- Assigned task -
Within the records below is a range that opens at the line with "by (intro tendsto_vec_nth assms)" and closes at the line with "ultimately show ?case". Return that range word for word, both ends included, and only that range.

··· Records to process ···

lemma (in group) rep_iso_ind_space_conj:
  assumes "subgroup H G" and "g \<in> carrier G"
  shows "rep_iso G (ind_space G H \<xi>) (ind_act G)
           (ind_space G ((\<lambda>h. inv g \<otimes> h \<otimes> g) ` H) (\<lambda>k. \<xi> (g \<otimes> k \<otimes> inv g))) (ind_act G)"
proof -
  let ?V = "ind_space G H \<xi>"
  let ?W = "ind_space G ((\<lambda>h. inv g \<otimes> h \<otimes> g) ` H) (\<lambda>k. \<xi> (g \<otimes> k \<otimes> inv g))"
  have "bij_betw (left_translate G g) ?V ?W"
  proof (rule bij_betw_byWitness[of _ "left_translate G (inv g)"])
    show "\<forall>f\<in>?V. left_translate G (inv g) (left_translate G g f) = f"
      using left_translate_inv(1)[OF assms(2)] unfolding ind_space_def by blast
    show "\<forall>f\<in>?W. left_translate G g (left_translate G (inv g) f) = f"
      using left_translate_inv(2)[OF assms(2)] unfolding ind_space_def by blast
    show "left_translate G g ` ?V \<subseteq> ?W"
      using left_translate_ind_space[OF assms] by blast
    show "left_translate G (inv g) ` ?W \<subseteq> ?V"
      using left_translate_inv_ind_space[OF assms] by blast
  qed
  moreover have "lin_on ?V (left_translate G g)"
    by (auto simp: lin_on_def left_translate_def)
  moreover have "left_translate G g (ind_act G k f) = ind_act G k (left_translate G g f)"
    if "k \<in> carrier G" for k f
    using that assms(2) by (auto simp: left_translate_def ind_act_def m_assoc)
  ultimately show ?thesis unfolding rep_iso_iff by blast
qed

section \<open>The standard monomial structure of an induced representation\<close>

locale induced_rep = group G for G :: "('g, 'b) monoid_scheme" (structure) +
  fixes H :: "'g set" and \<chi> :: "'g \<Rightarrow> complex"
  assumes subgroup_H: "subgroup H G" and lin_char_\<chi>: "lin_char G H \<chi>"
begin

abbreviation V :: "('g \<Rightarrow> complex) set" where "V \<equiv> ind_space G H \<chi>"

abbreviation \<rho> :: "'g \<Rightarrow> ('g \<Rightarrow> complex) \<Rightarrow> ('g \<Rightarrow> complex)" where "\<rho> \<equiv> ind_act G"

lemma H_subset: "H \<subseteq> carrier G"
  using subgroup.subset[OF subgroup_H] .

lemma \<chi>_mult: "h \<in> H \<Longrightarrow> k \<in> H \<Longrightarrow> \<chi> (h \<otimes> k) = \<chi> h * \<chi> k"
  using lin_char_\<chi> unfolding lin_char_def by blast

lemma \<chi>_one: "\<chi> \<one> = 1"
proof -
  have "\<one> \<in> H" "\<chi> \<one> \<noteq> 0" using subgroup.one_closed[OF subgroup_H] lin_char_\<chi>
    by (auto simp: lin_char_def)
  then show ?thesis using \<chi>_mult[of \<one> \<one>] by simp
qed

lemma ind_space_outside: "f \<in> V \<Longrightarrow> x \<notin> carrier G \<Longrightarrow> f x = 0"
  unfolding ind_space_def by blast

lemma ind_space_mult: "f \<in> V \<Longrightarrow> h \<in> H \<Longrightarrow> x \<in> carrier G \<Longrightarrow> f (h \<otimes> x) = \<chi> h * f x"
  unfolding ind_space_def by blast

lemma lin_closed_ind_space: "lin_closed V"
  unfolding lin_closed_def ind_space_def by (auto simp: algebra_simps)

lemma ind_act_closed: "g \<in> carrier G \<Longrightarrow> f \<in> V \<Longrightarrow> \<rho> g f \<in> V"
  unfolding ind_space_def ind_act_def using H_subset by (auto simp: m_assoc)

lemma ind_act_inv: "g \<in> carrier G \<Longrightarrow> f \<in> V \<Longrightarrow> \<rho> g (\<rho> (inv g) f) = f"
  unfolding ind_act_def using ind_space_outside by (auto simp: m_assoc fun_eq_iff)
lemma norm_matrix_vector_mul_le:
  fixes X :: "'k::real_normed_algebra_1^'b^'a" and x :: "'k^'b"
  shows "norm (X *v x) \<le> real (CARD('a) * CARD('b)) * norm X * norm x"
proof -
  have entry: "norm ((X *v x) $ i) \<le> real CARD('b) * norm X * norm x" for i
  proof -
    have "norm ((X *v x) $ i) \<le> (\<Sum>k\<in>UNIV. norm (X $ i $ k) * norm (x $ k))"
      unfolding matrix_vector_mult_def
      by (simp add: order_trans[OF norm_sum sum_mono[OF norm_mult_ineq]])
    also have "\<dots> \<le> (\<Sum>k\<in>(UNIV::'b set). norm X * norm x)"
      by (intro sum_mono mult_mono) (auto simp: norm_matrix_nth_le Finite_Cartesian_Product.norm_nth_le)
    finally show ?thesis by simp
  qed
  have "norm (X *v x) \<le> (\<Sum>i\<in>(UNIV::'a set). real CARD('b) * norm X * norm x)"
    by (rule order_trans[OF norm_vec_le_sum sum_mono[OF entry]])
  then show ?thesis by simp
qed

lemma norm_cmat_scale: "norm (cmat_scale w X) = norm w * norm X"
proof -
  have "norm (cmat_scale w X $ i) = norm w * norm (X $ i)" for i
    by (simp add: norm_vec_def norm_mult L2_set_right_distrib)
  then show ?thesis
    by (simp add: norm_vec_def[of "cmat_scale w X"] norm_vec_def[of X] L2_set_right_distrib)
qed

lemma invertible_mat_1_minus:
  fixes X :: "complex^'n^'n"
  assumes "real (CARD('n) * CARD('n)) * norm X < 1"
  shows "invertible (mat 1 - X)"
proof -
  have "x = 0" if "(mat 1 - X) *v x = 0" for x
  proof -
    from that have "x = X *v x"
      by (simp add: matrix_vector_mult_diff_rdistrib)
    then have "norm x \<le> real (CARD('n) * CARD('n)) * norm X * norm x"
      by (metis norm_matrix_vector_mul_le)
    with assms show "x = 0"
      by (smt (verit, best) mult_le_cancel_right1 norm_eq_zero norm_ge_zero)
  qed
  then show ?thesis
    using invertible_left_inverse matrix_left_invertible_ker by blast
qed

lemma norm_matrix_inv_mat_1_minus_le:
  fixes X :: "complex^'n^'n"
  assumes small: "real CARD('n) ^ 3 * norm X \<le> 1/2"
  shows "norm (matrix_inv (mat 1 - X) - mat 1)
           \<le> 2 * real CARD('n) ^ 3 * norm (mat 1 :: complex^'n^'n) * norm X"
proof -
  define K where "K = real CARD('n) ^ 3"
  define R where "R = matrix_inv (mat 1 - X)"
  have "real (CARD('n) * CARD('n)) * norm X \<le> K * norm X"
    unfolding K_def by (intro mult_right_mono) (auto simp: power3_eq_cube)
  with small have "real (CARD('n) * CARD('n)) * norm X < 1"
    unfolding K_def by linarith
  then have "R ** (mat 1 - X) = mat 1"
    unfolding R_def by (intro matrix_inv_left invertible_mat_1_minus)
  then have "R - mat 1 = R ** X"
    by (simp add: matrix_diff_ldistrib eq_diff_eq diff_eq_eq add.commute)
  then have RX: "norm (R - mat 1) \<le> K * norm X * norm R"
    using norm_matrix_mul_le[of R X] by (simp add: K_def power3_eq_cube mult_ac)
  have "norm R \<le> norm (mat 1 :: complex^'n^'n) + norm (R - mat 1)"
    by (metis add.commute norm_triangle_sub)
  also have "\<dots> \<le> norm (mat 1 :: complex^'n^'n) + norm R / 2"
    using RX small mult_right_mono[OF small, of "norm R"] unfolding K_def by simp
  finally have "norm R \<le> 2 * norm (mat 1 :: complex^'n^'n)"
    by simp
  then have "K * norm X * norm R \<le> K * norm X * (2 * norm (mat 1 :: complex^'n^'n))"
    unfolding K_def by (intro mult_left_mono) auto
  with RX show ?thesis
    unfolding R_def K_def by (simp add: mult_ac)
qed

lemma resolv_near_identity:
  fixes A :: "complex^'n^'n"
  obtains \<delta> L where "\<delta> > 0"
    and "\<And>w. norm w < \<delta> \<Longrightarrow> invertible (mat 1 - cmat_scale w A)"
    and "\<And>w. norm w < \<delta> \<Longrightarrow> norm (resolv w A - mat 1) \<le> L * norm w"
proof
  define K where "K = real CARD('n) ^ 3"
  have K: "K \<ge> 1"
    unfolding K_def by simp
  have A: "norm A + 1 > 0"
    by (smt (verit) norm_ge_zero)
  with K have pos: "2 * K * (norm A + 1) > 0"
    by simp
  then show "1 / (2 * K * (norm A + 1)) > 0"
    by simp
  fix w :: complex
  assume w: "norm w < 1 / (2 * K * (norm A + 1))"
  have "K * norm (cmat_scale w A) \<le> K * (norm w * (norm A + 1))"
    using K by (simp add: norm_cmat_scale mult_left_mono)
  also have "\<dots> \<le> K * (1 / (2 * K * (norm A + 1)) * (norm A + 1))"
    using K w by (intro mult_left_mono mult_right_mono) auto
  also have "\<dots> = 1/2"
    using K A by simp
  finally have small: "K * norm (cmat_scale w A) \<le> 1/2" .
  have "real (CARD('n) * CARD('n)) * norm (cmat_scale w A) \<le> K * norm (cmat_scale w A)"
    unfolding K_def by (intro mult_right_mono) (auto simp: power3_eq_cube)
  with small show "invertible (mat 1 - cmat_scale w A)"
    by (intro invertible_mat_1_minus) linarith
  show "norm (resolv w A - mat 1) \<le> (2 * K * norm (mat 1 :: complex^'n^'n) * norm A) * norm w"
    using norm_matrix_inv_mat_1_minus_le[of "cmat_scale w A"] small
    unfolding resolv_def K_def by (simp add: norm_cmat_scale mult_ac)
qed

lemma convergent_if_norm_diff_le:
  fixes P :: "nat \<Rightarrow> 'a::banach"
  assumes diff: "\<And>n. norm (P (Suc n) - P n) \<le> b n * norm (P n)"
    and b: "\<And>n. 0 \<le> b n" "summable b"
  shows "convergent P"
proof -
  \<comment> \<open>\<open>1 + b \<le> exp b\<close> bounds the sequence, after which the differences are dominated by \<open>b\<close>.\<close>
  have growth: "norm (P n) \<le> norm (P 0) * exp (\<Sum>k<n. b k)" for n
  proof (induction n)
    case 0
    then show ?case by simp
  next
    case (Suc n)
    have "norm (P (Suc n)) \<le> norm (P n) * (1 + b n)"
      using diff[of n] norm_triangle_sub[of "P (Suc n)" "P n"] by (simp add: algebra_simps)
    also have "\<dots> \<le> norm (P 0) * exp (\<Sum>k<n. b k) * exp (b n)"
      using Suc.IH b(1)[of n] by (intro mult_mono) auto
    finally show ?case
      by (simp add: exp_add mult.assoc)
  qed
  define B where "B = norm (P 0) * exp (suminf b)"
  have bounded: "norm (P n) \<le> B" for n
    using growth[of n] sum_le_suminf[OF b(2), of "{..<n}"] b(1) unfolding B_def
    by (smt (verit) exp_le_cancel_iff finite_lessThan mult_left_mono norm_ge_zero)
  have "summable (\<lambda>n. norm (P (Suc n) - P n))"
  proof (rule summable_comparison_test'[where N = 0])
    show "summable (\<lambda>n. B * b n)"
      using b(2) by (rule summable_mult)
    show "norm (norm (P (Suc n) - P n)) \<le> B * b n" for n
      using diff[of n] b(1)[of n] bounded[of n]
      by (smt (verit) mult.commute mult_left_mono norm_ge_zero real_norm_def)
  qed
  then have "summable (\<lambda>n. P (Suc n) - P n)"
    by (rule summable_norm_cancel)
  then have "convergent (\<lambda>n. P n - P 0)"
    by (simp add: summable_iff_convergent sum_lessThan_telescope)
  then show ?thesis
    by (simp add: convergent_diff_const_right_iff)
qed

lemma convergent_matrix_prod:
  fixes P R :: "nat \<Rightarrow> complex^'n^'n"
  assumes P: "\<And>n. P (Suc n) = P n ** R n" and R: "summable (\<lambda>n. norm (R n - mat 1))"
  shows "convergent P"
proof (rule convergent_if_norm_diff_le)
  let ?K = "real CARD('n) ^ 3"
  show "norm (P (Suc n) - P n) \<le> ?K * norm (R n - mat 1) * norm (P n)" for n
    using norm_matrix_mul_le[of "P n" "R n - mat 1"]
    by (simp add: P matrix_diff_ldistrib power3_eq_cube mult_ac)
  show "summable (\<lambda>n. ?K * norm (R n - mat 1))"
    using R by (rule summable_mult)
qed simp

lemma tendsto_matrix_sandwich:
  fixes f :: "nat \<Rightarrow> complex^'b^'a" and C :: "complex^'a^'c" and B :: "complex^'d^'b"
  assumes "f \<longlonglongrightarrow> L"
  shows "(\<lambda>n. C ** f n ** B) \<longlonglongrightarrow> C ** L ** B"
proof (intro vec_tendstoI)
  fix i j
  have "\<And>k l. (\<lambda>n. f n $ k $ l) \<longlonglongrightarrow> L $ k $ l"
    by (intro tendsto_vec_nth assms)
  show "(\<lambda>n. (C ** f n ** B) $ i $ j) \<longlonglongrightarrow> (C ** L ** B) $ i $ j"
    unfolding matrix_matrix_mult_def by (simp, intro tendsto_intros \<open>\<And>k l. _\<close>)
qed

lemma norm_q_node:
  assumes "0 \<le> q" "q < 1"
  shows "norm (z * complex_of_real ((1 - q) * q ^ j)) = norm z * (1 - q) * q ^ j"
  using assms by (simp only: norm_mult norm_of_real abs_of_nonneg mult.assoc) simp
lemma partition_on_telescope:
  assumes "\<And>j. L j \<subseteq> L (Suc j)"
    and "\<And>j. j < N \<Longrightarrow> partition_on (L (Suc j) - L j) (P j)"
  shows "partition_on (L N - L 0) (\<Union>j<N. P j)"
  using assms
proof (induction N)
  case 0
  then show ?case by (simp add: partition_on_empty)
next
  case (Suc N)
  have "L 0 \<subseteq> L N"
    using Suc.prems(1) by (simp add: lift_Suc_mono_le)
  then have "L (Suc N) - L 0 = (L N - L 0) \<union> (L (Suc N) - L N)"
    using Suc.prems(1) by auto
  moreover have "(\<Union>j<Suc N. P j) = (\<Union>j<N. P j) \<union> P N"
    by (simp add: lessThan_Suc Un_commute)
  ultimately show ?case
    using Suc by (simp add: partition_on_Un Diff_Int_distrib2 Int_Diff)
qed

definition zero_sum_blocks :: "nat set \<Rightarrow> 'a::comm_monoid_add set set \<Rightarrow> bool" where
  "zero_sum_blocks K P \<longleftrightarrow> (\<forall>X\<in>P. card X \<in> K \<and> sum id X = 0)"

abbreviation pair_blocks :: "'a set set \<Rightarrow> 'a set set" where
  "pair_blocks P \<equiv> {X \<in> P. card X = 2}"

lemma zero_sum_blocks_Un [simp]:
  "zero_sum_blocks K (P \<union> Q) \<longleftrightarrow> zero_sum_blocks K P \<and> zero_sum_blocks K Q"
  by (auto simp: zero_sum_blocks_def)

lemma zero_sum_blocks_mono:
  "zero_sum_blocks K P \<Longrightarrow> Q \<subseteq> P \<Longrightarrow> K \<subseteq> K' \<Longrightarrow> zero_sum_blocks K' Q"
  by (auto simp: zero_sum_blocks_def)

lemma card_partition_triples:
  assumes "finite S" "partition_on S P" "zero_sum_blocks {3} P"
  shows "card S = 3 * card P"
proof -
  have "card S = (\<Sum>X\<in>P. card X)"
    using assms(1,2) by (intro product_partition) (auto simp: partition_on_def intro: finite_subset)
  also have "\<dots> = 3 * card P"
    using assms(3) by (simp add: zero_sum_blocks_def)
  finally show ?thesis .
qed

···

- Result of this exercise -
    by (intro tendsto_vec_nth assms)
  show "(\<lambda>n. (C ** f n ** B) $ i $ j) \<longlonglongrightarrow> (C ** L ** B) $ i $ j"
    unfolding matrix_matrix_mult_def by (simp, intro tendsto_intros \<open>\<And>k l. _\<close>)
qed

lemma norm_q_node:
  assumes "0 \<le> q" "q < 1"
  shows "norm (z * complex_of_real ((1 - q) * q ^ j)) = norm z * (1 - q) * q ^ j"
  using assms by (simp only: norm_mult norm_of_real abs_of_nonneg mult.assoc) simp
lemma partition_on_telescope:
  assumes "\<And>j. L j \<subseteq> L (Suc j)"
    and "\<And>j. j < N \<Longrightarrow> partition_on (L (Suc j) - L j) (P j)"
  shows "partition_on (L N - L 0) (\<Union>j<N. P j)"
  using assms
proof (induction N)
  case 0
  then show ?case by (simp add: partition_on_empty)
next
  case (Suc N)
  have "L 0 \<subseteq> L N"
    using Suc.prems(1) by (simp add: lift_Suc_mono_le)
  then have "L (Suc N) - L 0 = (L N - L 0) \<union> (L (Suc N) - L N)"
    using Suc.prems(1) by auto
  moreover have "(\<Union>j<Suc N. P j) = (\<Union>j<N. P j) \<union> P N"
    by (simp add: lessThan_Suc Un_commute)
  ultimately show ?case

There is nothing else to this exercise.